Harvard Kennedy School's Russia Matters project says estimates of Russian casualties vary widely, but one late-February 2026 Western assessment put the figure at about 1 million killed or wounded. That means many Russian families will have been personally impacted by the war.
The emotional backlash could come against the Kremlin. But if most Russians blame NATO for the war, it could intensify anti-Western rage instead, fueling an even more aggressive posture from Moscow.
Then there is the economic pain. Interest rates and inflation are painfully high. Russia's reserves are depleted. State resources are funnelled toward sustaining the Ukraine war with men and materiel. Sanctions have bitten hard, growth is weak. The lesson from history is that authoritarian societies with nationalist tendencies and bad economies often turn to hateful violence.

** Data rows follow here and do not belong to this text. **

text \<open>For every u in Z, the three-point inequality of the prox map, i.e. the first-order
  optimality condition of the prox problem on the convex set Z, bounds each Mirror Prox step:
  tau_t <F(zt_t), zt_t - u> <= delta_t + D(u, z_t) - D(u, z_(t+1)).
  Convexity-concavity bounds the gap phi(x', y) - phi(x, y') at p = (x', y') by <F(p), p - (x, y)>,
  and Jensen's inequality passes the gap to the weighted average. Summing with nondecreasing
  weights, the Bregman terms telescope to at most w_T Omega.
  For tau = 1/L the Lipschitz bound gives tau <F(zt) - F(z), zt - z'> <= |zt - z| |zt - z'|, which,
  by 1-strong convexity of psi and AM-GM, is absorbed by D(z', zt) + D(zt, z); hence delta_t <= 0.
  Finally sum_(t=1..T) t^q >= T^(q+1) / (q + 1).\<close>

section \<open>Directional derivatives and convexity\<close>

lemma has_real_derivative_le_of_increment_bound:
  fixes f :: "real \<Rightarrow> real"
  assumes deriv: "(f has_real_derivative l) (at 0 within {0..1})"
    and bound: "\<And>u. 0 < u \<Longrightarrow> u < 1 \<Longrightarrow> f u - f 0 \<le> u * c + u\<^sup>2 * K"
  shows "l \<le> c"
proof -
  have "((\<lambda>u. (f u - f 0) / (u - 0)) \<longlongrightarrow> l) (at 0 within {0..1})"
    using deriv has_field_derivative_iff by blast
  moreover have "((\<lambda>u. u * K) \<longlongrightarrow> 0 * K) (at 0 within {0..1})"
    by (intro tendsto_intros)
  ultimately have "((\<lambda>u. (f u - f 0) / (u - 0) - u * K) \<longlongrightarrow> l) (at 0 within {0..1})"
    using tendsto_diff by fastforce
  moreover have "eventually (\<lambda>u. (f u - f 0) / (u - 0) - u * K \<le> c) (at 0 within {0..1})"
    unfolding eventually_at
  proof (intro exI[of _ 1] conjI ballI impI)
    fix u :: real assume "u \<in> {0..1}" "u \<noteq> 0 \<and> dist u 0 < 1"
    then have u: "0 < u" "u < 1" by (auto simp: dist_real_def)
    have "(f u - f 0) / u \<le> (u * c + u\<^sup>2 * K) / u"
      using bound[OF u] u by (simp add: divide_right_mono)
    also have "\<dots> = c + u * K" using u by (simp add: field_simps power2_eq_square)
    finally show "(f u - f 0) / (u - 0) - u * K \<le> c" by simp
  qed simp
  moreover have "at (0::real) within {0..1} \<noteq> bot"
    by (simp add: at_within_Icc_at_right)
  ultimately show ?thesis by (rule tendsto_upperbound)
qed
text \<open>At a scale \<gamma> below the minimal gap the points x 2, ..., x a fall into distinct cells of
  the lattice \<gamma>\<int>, so large additive energy of x transfers to the cell indices, to which
  the Balog-Szemeredi-Gowers theorem applies.\<close>

lemma additive_structure_at_scale:
  assumes r_pos: "r > 0" and a2: "a \<ge> 2" and \<gamma>_pos: "\<gamma> > 0" and \<gamma>_small: "4 * \<gamma> * real a < c"
    and a_big: "16 / r \<le> real a" and energy: "real (add_energy x a \<gamma>) \<ge> r * real a ^ 3"
  shows "\<exists>B \<subseteq> {2..a}. real (card B) \<ge> (r/10) * (real a - 1) / 12 \<and>
     (\<exists>V::int set. finite V \<and> real (card V) \<le> bsg_constant (r/10) * real a \<and>
        (\<forall>i\<in>B. \<forall>j\<in>B. \<exists>v\<in>V. \<bar>x i - x j - \<gamma> * of_int v\<bar> < \<gamma>))"
proof -
  define I where "I = {2..a}"
  define y where "y n = \<lfloor>x n / \<gamma>\<rfloor>" for n
  have y_le: "\<gamma> * of_int (y n) \<le> x n" for n
    using \<gamma>_pos floor_divide_lower[of \<gamma> "x n"] by (simp add: y_def mult.commute)
  have y_gt: "\<gamma> * of_int (y n) > x n - \<gamma>" for n
    using \<gamma>_pos floor_divide_upper[of \<gamma> "x n"] by (simp add: y_def distrib_left mult.commute)
  have y_less: "y i < y j" if "i \<in> I" "j \<in> I" "i < j" for i j
  proof -
    have "0 < \<gamma> * real a" using \<gamma>_pos a2 by simp
    then have "\<gamma> * (2 * real a) < c" using \<gamma>_small by (simp add: algebra_simps)
    then have "\<gamma> < c / (2 * real a)" using a2 by (simp add: field_simps)
    also have "\<dots> \<le> x j - x i" using that by (intro gap_ge) (auto simp: I_def)
    finally have "\<gamma> * of_int (y i) < \<gamma> * of_int (y j)" using y_le[of i] y_gt[of j] by linarith
    then show ?thesis using \<gamma>_pos by simp
  qed
  have y_inj: "inj_on y I"
    by (rule inj_onI) (metis linorder_neqE_nat less_irrefl y_less)
  define Y where "Y = y ` I"
  have fY: "finite Y" and Y_ne: "Y \<noteq> {}" using a2 by (auto simp: Y_def I_def)
  have card_Y: "card Y = a - 1" using y_inj by (simp add: Y_def card_image I_def)
  define QI where "QI = {(n1,n2,n3,n4). n1\<in>{2..a} \<and> n2\<in>{2..a} \<and> n3\<in>{2..a} \<and> n4\<in>{2..a}
            \<and> \<bar>x n1 + x n2 - x n3 - x n4\<bar> < \<gamma>}"
  have QI_big: "real (card QI) \<ge> (card {-2..2::int}) * (r * real a ^ 3 / 10)"
  proof -
    have "16 * real a ^ 2 \<le> (r * real a) * real a ^ 2"
      using a_big r_pos by (intro mult_right_mono) (auto simp: field_simps)
    then show ?thesis
      using add_energy_le_energy_from_2[OF \<gamma>_small] energy unfolding QI_def
      by (simp add: power2_eq_square power3_eq_cube algebra_simps)
  qed
  define T where "T s = {(a,b,c,d). a\<in>Y \<and> b\<in>Y \<and> c\<in>Y \<and> d\<in>Y \<and> a+b = c+d+s}" for s :: int
  have fT: "finite (T s)" for s by (rule finite_subset[of _ "Y\<times>Y\<times>Y\<times>Y"]) (auto simp: T_def fY)
  define h where "h = (\<lambda>(n1,n2,n3,n4). (y n1, y n2, y n3, y n4))"
  have "inj_on h QI" using y_inj unfolding QI_def h_def I_def inj_on_def by auto
  moreover have "h ` QI \<subseteq> (\<Union>s\<in>{-2..2}. T s)"
  proof
    fix z assume "z \<in> h ` QI"
    then obtain n1 n2 n3 n4 where q: "(n1,n2,n3,n4) \<in> QI" and z: "z = h (n1,n2,n3,n4)" by auto
    have "y n1 + y n2 - y n3 - y n4 \<in> {-2..2}"
      using q floor_divide_quadruple[OF \<gamma>_pos, of "x n1" "x n2" "x n3" "x n4"] by (simp add: QI_def y_def)
    moreover have "z \<in> T (y n1 + y n2 - y n3 - y n4)"
      using q z by (auto simp: QI_def h_def T_def Y_def I_def)
    ultimately show "z \<in> (\<Union>s\<in>{-2..2}. T s)" by blast
  qed
  ultimately have "card QI \<le> card (\<Union>s\<in>{-2..2}. T s)"
    by (intro card_inj_on_le) (auto simp: fT)
  also have "\<dots> \<le> (\<Sum>s\<in>{-2..2}. card (T s))" by (rule card_UN_le) simp
  finally have "(\<Sum>s\<in>{-2..2::int}. real (card (T s))) \<ge> card {-2..2::int} * (r * real a ^ 3 / 10)"
    using QI_big by (simp flip: of_nat_sum)
  then have "\<exists>s\<in>{-2..2::int}. real (card (T s)) \<ge> r * real a ^ 3 / 10"
    by (intro exists_ge_average) auto
  then obtain s where T_big: "real (card (T s)) \<ge> r * real a ^ 3 / 10" by blast
  have "(r/10) * real (card Y) ^ 3 \<le> (r/10) * real a ^ 3"
    using card_Y r_pos by (intro mult_left_mono power_mono) auto
  then have T_big': "real (card (T s)) \<ge> (r/10) * card Y ^ 3" using T_big by simp
  have r10: "r/10 > 0" using r_pos by simp
  obtain U where UY: "U \<subseteq> Y" and U_big: "real (card U) \<ge> (r/10) * card Y / 12"
    and U_diff: "real (card {u1 - u2 | u1 u2. u1\<in>U \<and> u2\<in>U}) \<le> bsg_constant (r/10) * card Y"
    using balog_szemeredi_gowers[OF fY Y_ne r10 T_big'[unfolded T_def]] by blast
  define B where "B = {i\<in>I. y i \<in> U}"
  define V where "V = {u1 - u2 | u1 u2. u1\<in>U \<and> u2\<in>U}"
  have "card B = card U"
  proof -
    have "bij_betw y B U" using UY y_inj by (auto simp: bij_betw_def B_def Y_def inj_on_subset)
    then show ?thesis by (rule bij_betw_same_card)
  qed
  moreover have "finite V"
  proof -
    have "V = (\<lambda>p. fst p - snd p) ` (U \<times> U)" unfolding V_def image_def by auto
    then show ?thesis using UY fY by (auto intro: finite_subset)
  qed
  moreover have "real (card V) \<le> bsg_constant (r/10) * real a"
  proof -
    have "bsg_constant (r/10) * real (card Y) \<le> bsg_constant (r/10) * real a"
      using card_Y bsg_constant_nonneg[OF r10] by (intro mult_left_mono) auto
    then show ?thesis using U_diff unfolding V_def by linarith
  qed
  moreover have "\<exists>v\<in>V. \<bar>x i - x j - \<gamma> * of_int v\<bar> < \<gamma>" if "i \<in> B" "j \<in> B" for i j
  proof
    show "y i - y j \<in> V" using that unfolding V_def B_def by blast
    show "\<bar>x i - x j - \<gamma> * of_int (y i - y j)\<bar> < \<gamma>"
      using y_le[of i] y_le[of j] y_gt[of i] y_gt[of j] by (simp add: algebra_simps abs_less_iff)
  qed
  ultimately show ?thesis
    using U_big card_Y a2 by (intro exI[of _ B]) (auto simp: B_def I_def of_nat_diff)
qed

lemma AE_dist_int_pos:
  "AE \<alpha> in lborel. \<forall>i j. 2 \<le> i \<longrightarrow> 2 \<le> j \<longrightarrow> i \<noteq> j \<longrightarrow> dist_int (\<alpha> * x i - \<alpha> * x j) > 0"
proof -
  define Z where "Z = (\<lambda>(i,j,k). of_int k / (x i - x j)) ` (UNIV :: (nat \<times> nat \<times> int) set)"
  have "countable Z" unfolding Z_def by simp
  then have "AE \<alpha> in lborel. \<alpha> \<notin> Z" by (intro AE_not_in countable_imp_null_set_lborel)
  then show ?thesis
  proof (rule AE_mp, intro AE_I2 impI allI)
    fix \<alpha> :: real and i j :: nat assume \<alpha>_Z: "\<alpha> \<notin> Z" and ij: "2 \<le> i" "2 \<le> j" "i \<noteq> j"
    have "\<bar>x i - x j\<bar> \<ge> c / (2 * real (max i j))" using ij by (intro dist_ge) auto
    moreover have "c / (2 * real (max i j)) > 0" using c_pos ij by simp
    ultimately have "x i - x j \<noteq> 0" by linarith
    have "\<alpha> * x i - \<alpha> * x j \<notin> \<int>"
    proof
      assume "\<alpha> * x i - \<alpha> * x j \<in> \<int>"
      then obtain k where "\<alpha> * x i - \<alpha> * x j = of_int k" by (auto elim: Ints_cases)
      then have "\<alpha> = of_int k / (x i - x j)" using \<open>x i - x j \<noteq> 0\<close> by (simp add: field_simps)
      then have "\<alpha> \<in> Z" unfolding Z_def by (intro image_eqI[of _ _ "(i,j,k)"]) auto
      then show False using \<alpha>_Z by simp
    qed
    then show "dist_int (\<alpha> * x i - \<alpha> * x j) > 0" by (rule dist_int_pos)
  qed
qed

lemma structured_block:
  fixes A A' :: nat and c0 r \<epsilon>0 :: real
  assumes r_pos: "r > 0" and \<epsilon>0_pos: "\<epsilon>0 > 0" and c0_pos: "c0 > 0" and c0_le: "c0 \<le> 1" "c0 \<le> r/120"
    and A_ge_3: "A \<ge> 3" and ln_A: "ln (real A) \<ge> 1 + 4/c" and A_big: "16 / r \<le> real A"
    and A_gg: "real A \<ge> (4/(3*c0)) * (1 + real A')"
    and energy: "real (add_energy x A (log_scale \<epsilon>0 (real A))) \<ge> r * real A ^ 3"
  shows "\<exists>B V. B \<subseteq> {A'<..A} \<and> real (card B) \<ge> (c0/4) * real A \<and>
     finite V \<and> real (card V) \<le> bsg_constant (r/10) * real A \<and>
     (\<forall>i\<in>B. \<forall>j\<in>B. \<exists>v\<in>V. \<bar>x i - x j - log_scale \<epsilon>0 (real A) * of_int v\<bar> < log_scale \<epsilon>0 (real A))"
proof -
  define \<gamma> where "\<gamma> = log_scale \<epsilon>0 (real A)"
  have "4/c > 0" using c_pos by simp
  then have ln_A_pos: "ln (real A) > 4/c" "ln (real A) \<ge> 1" using ln_A by linarith+
  have \<gamma>_pos: "\<gamma> > 0" using A_ge_3 by (simp add: \<gamma>_def log_scale_pos)
  have "4 * \<gamma> * real A \<le> 4 * (1 / (real A * ln (real A))) * real A"
    using log_scale_le[of "real A" \<epsilon>0] ln_A_pos A_ge_3 \<epsilon>0_pos unfolding \<gamma>_def
    by (intro mult_right_mono mult_left_mono) auto
  also have "\<dots> = 4 / ln (real A)" using A_ge_3 by simp
  also have "\<dots> < c" using ln_A_pos c_pos by (simp add: field_simps)
  finally have \<gamma>_small: "4 * \<gamma> * real A < c" .
  obtain B0 V where B0: "B0 \<subseteq> {2..A}" "real (card B0) \<ge> (r/10) * (real A - 1) / 12"
    and V: "finite V" "real (card V) \<le> bsg_constant (r/10) * real A"
      "\<forall>i\<in>B0. \<forall>j\<in>B0. \<exists>v\<in>V. \<bar>x i - x j - \<gamma> * of_int v\<bar> < \<gamma>"
    using additive_structure_at_scale[OF r_pos _ \<gamma>_pos \<gamma>_small A_big] energy A_ge_3
    unfolding \<gamma>_def by auto
  define B where "B = B0 \<inter> {A'<..}"
  have "card B0 \<le> card (B \<union> {1..A'})"
    using B0(1) by (intro card_mono) (auto simp: B_def intro: finite_subset)
  also have "\<dots> \<le> card B + A'" using card_Un_le[of B "{1..A'}"] by simp
  finally have B0_le: "real (card B0) \<le> real (card B) + real A'" by linarith
  have "c0 * (real A - 1) \<le> (r/120) * (real A - 1)" using A_ge_3 c0_le by (intro mult_right_mono) auto
  then have B0_ge: "real (card B0) \<ge> c0 * real A - c0" using B0(2) by (simp add: algebra_simps)
  have "(4/(3*c0)) * (c0 + real A') \<le> (4/(3*c0)) * (1 + real A')"
    using c0_le c0_pos by (intro mult_left_mono) auto
  then have "(3*c0/4) * ((4/(3*c0)) * (c0 + real A')) \<le> (3*c0/4) * real A"
    using A_gg c0_pos by (intro mult_left_mono) auto
  moreover have "(3*c0/4) * ((4/(3*c0)) * (c0 + real A')) = c0 + real A'" using c0_pos by simp
  ultimately have "c0 + real A' \<le> (3*c0/4) * real A" by simp
  then have "real (card B) \<ge> (c0/4) * real A" using B0_le B0_ge by (simp add: algebra_simps)
  moreover have "B \<subseteq> {A'<..A}" using B0(1) by (auto simp: B_def)
  ultimately show ?thesis using V unfolding \<gamma>_def by (intro exI[of _ B] exI[of _ V]) (auto simp: B_def)
qed

end

section \<open>Structured blocks at super-exponential scales\<close>

locale gap_blocks = log_gap_sequence +
  fixes a :: "nat \<Rightarrow> nat" and B :: "nat \<Rightarrow> nat set" and V :: "nat \<Rightarrow> int set" and K \<epsilon>0 c1 :: real
  assumes strict_mono_a: "strict_mono a"
    and a_ge_3: "a N \<ge> 3"
    and ln_a_ge: "N \<ge> 1 \<Longrightarrow> ln (real (a N)) \<ge> 2^N * (K + 2 * real (a (N-1)))"
    and K_nonneg: "K \<ge> 0"
    and \<epsilon>0_pos: "\<epsilon>0 > 0"
    and c1_pos: "c1 > 0"
    and block_subset: "N \<ge> 1 \<Longrightarrow> B N \<subseteq> {a (N-1)<..a N}"
    and card_block: "N \<ge> 1 \<Longrightarrow> real (card (B N)) \<ge> c1 * real (a N)"
    and finite_V: "N \<ge> 1 \<Longrightarrow> finite (V N)"
    and card_V: "N \<ge> 1 \<Longrightarrow> real (card (V N)) \<le> K * real (a N)"
    and block_diffs: "N \<ge> 1 \<Longrightarrow> i \<in> B N \<Longrightarrow> j \<in> B N \<Longrightarrow>
       \<exists>v\<in>V N. \<bar>x i - x j - log_scale \<epsilon>0 (real (a N)) * of_int v\<bar> < log_scale \<epsilon>0 (real (a N))"

context log_gap_sequence
begin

Demobilization would add another combustible variable: The Institute for the Study of War (ISW) has argued that the Kremlin likely sees alienated veterans as a threat to regime stability.
A separate report by Global Initiative says returning veterans of the Ukraine war, including convicted criminals, are already feeding violence, organized crime, and pressure on Russia's police and social services.
A postwar Russia would not merely be bringing soldiers home; it would be importing into civilian life hundreds of thousands of men trained, traumatized, and wounded by a brutal war, only for them to become embittered by a poorer and ungrateful peace.
A state under that mix of military pressure, elite suspicion, rampant crime, and economic strife may become less predictable, but no less aggressive. Putin would struggle to contain these forces. Now imagine a contested leader or a factional war at the top instead. It is a recipe for chaos with spillover that would ripple out across Europe.
One Solution, a Dozen Problems
The West already knows Putin's methods well, even if it has been sluggish in meeting the threat they pose. It has dealt with him since the turn of the millennium and understands that Putin respects only hard power-it is how he believes the world really works-not weakness or meekness.
European NATO allies may have been slow to calibrate their response to Putin's threat, but they are working on it, through rearmament and other forms of deterrence. Increasingly, Russian sabotage and espionage come at a higher cost for Moscow.
Would the Russia-NATO situation be less confrontational if Putin were gone? Would a peace deal in Ukraine be easier to strike without Putin? Perhaps. But this is an old devil that allies know well. Better that than a new, untested figure who has emerged from a violent palace struggle and is looking to assert themselves as the new strongman in town.
None of this requires softness toward Putin. The point is colder: The West should not mistake the catharsis of his downfall for strategy. Foreign powers have little direct influence over Russia's succession but should prepare for the contingency.
That preparation should include allied coordination on nuclear signaling, sanctions continuity, battlefield escalation risks, and recognition policy if Moscow's factions compete to speak for the state.
Putin's sudden death would end one man's rule without ending the system he created. Americans can want justice for Ukraine and still understand that an unmanaged collapse at the top of the Russian state would not be justice. It would be a crisis with nuclear weapons, armed factions, and a war already underway.
Be careful what you wish for. Putin's death may solve one problem. But it could create a dozen more.
2026 NEWSWEEK DIGITAL LLC.
This story was originally published May 6, 2026 at 7:57 AM.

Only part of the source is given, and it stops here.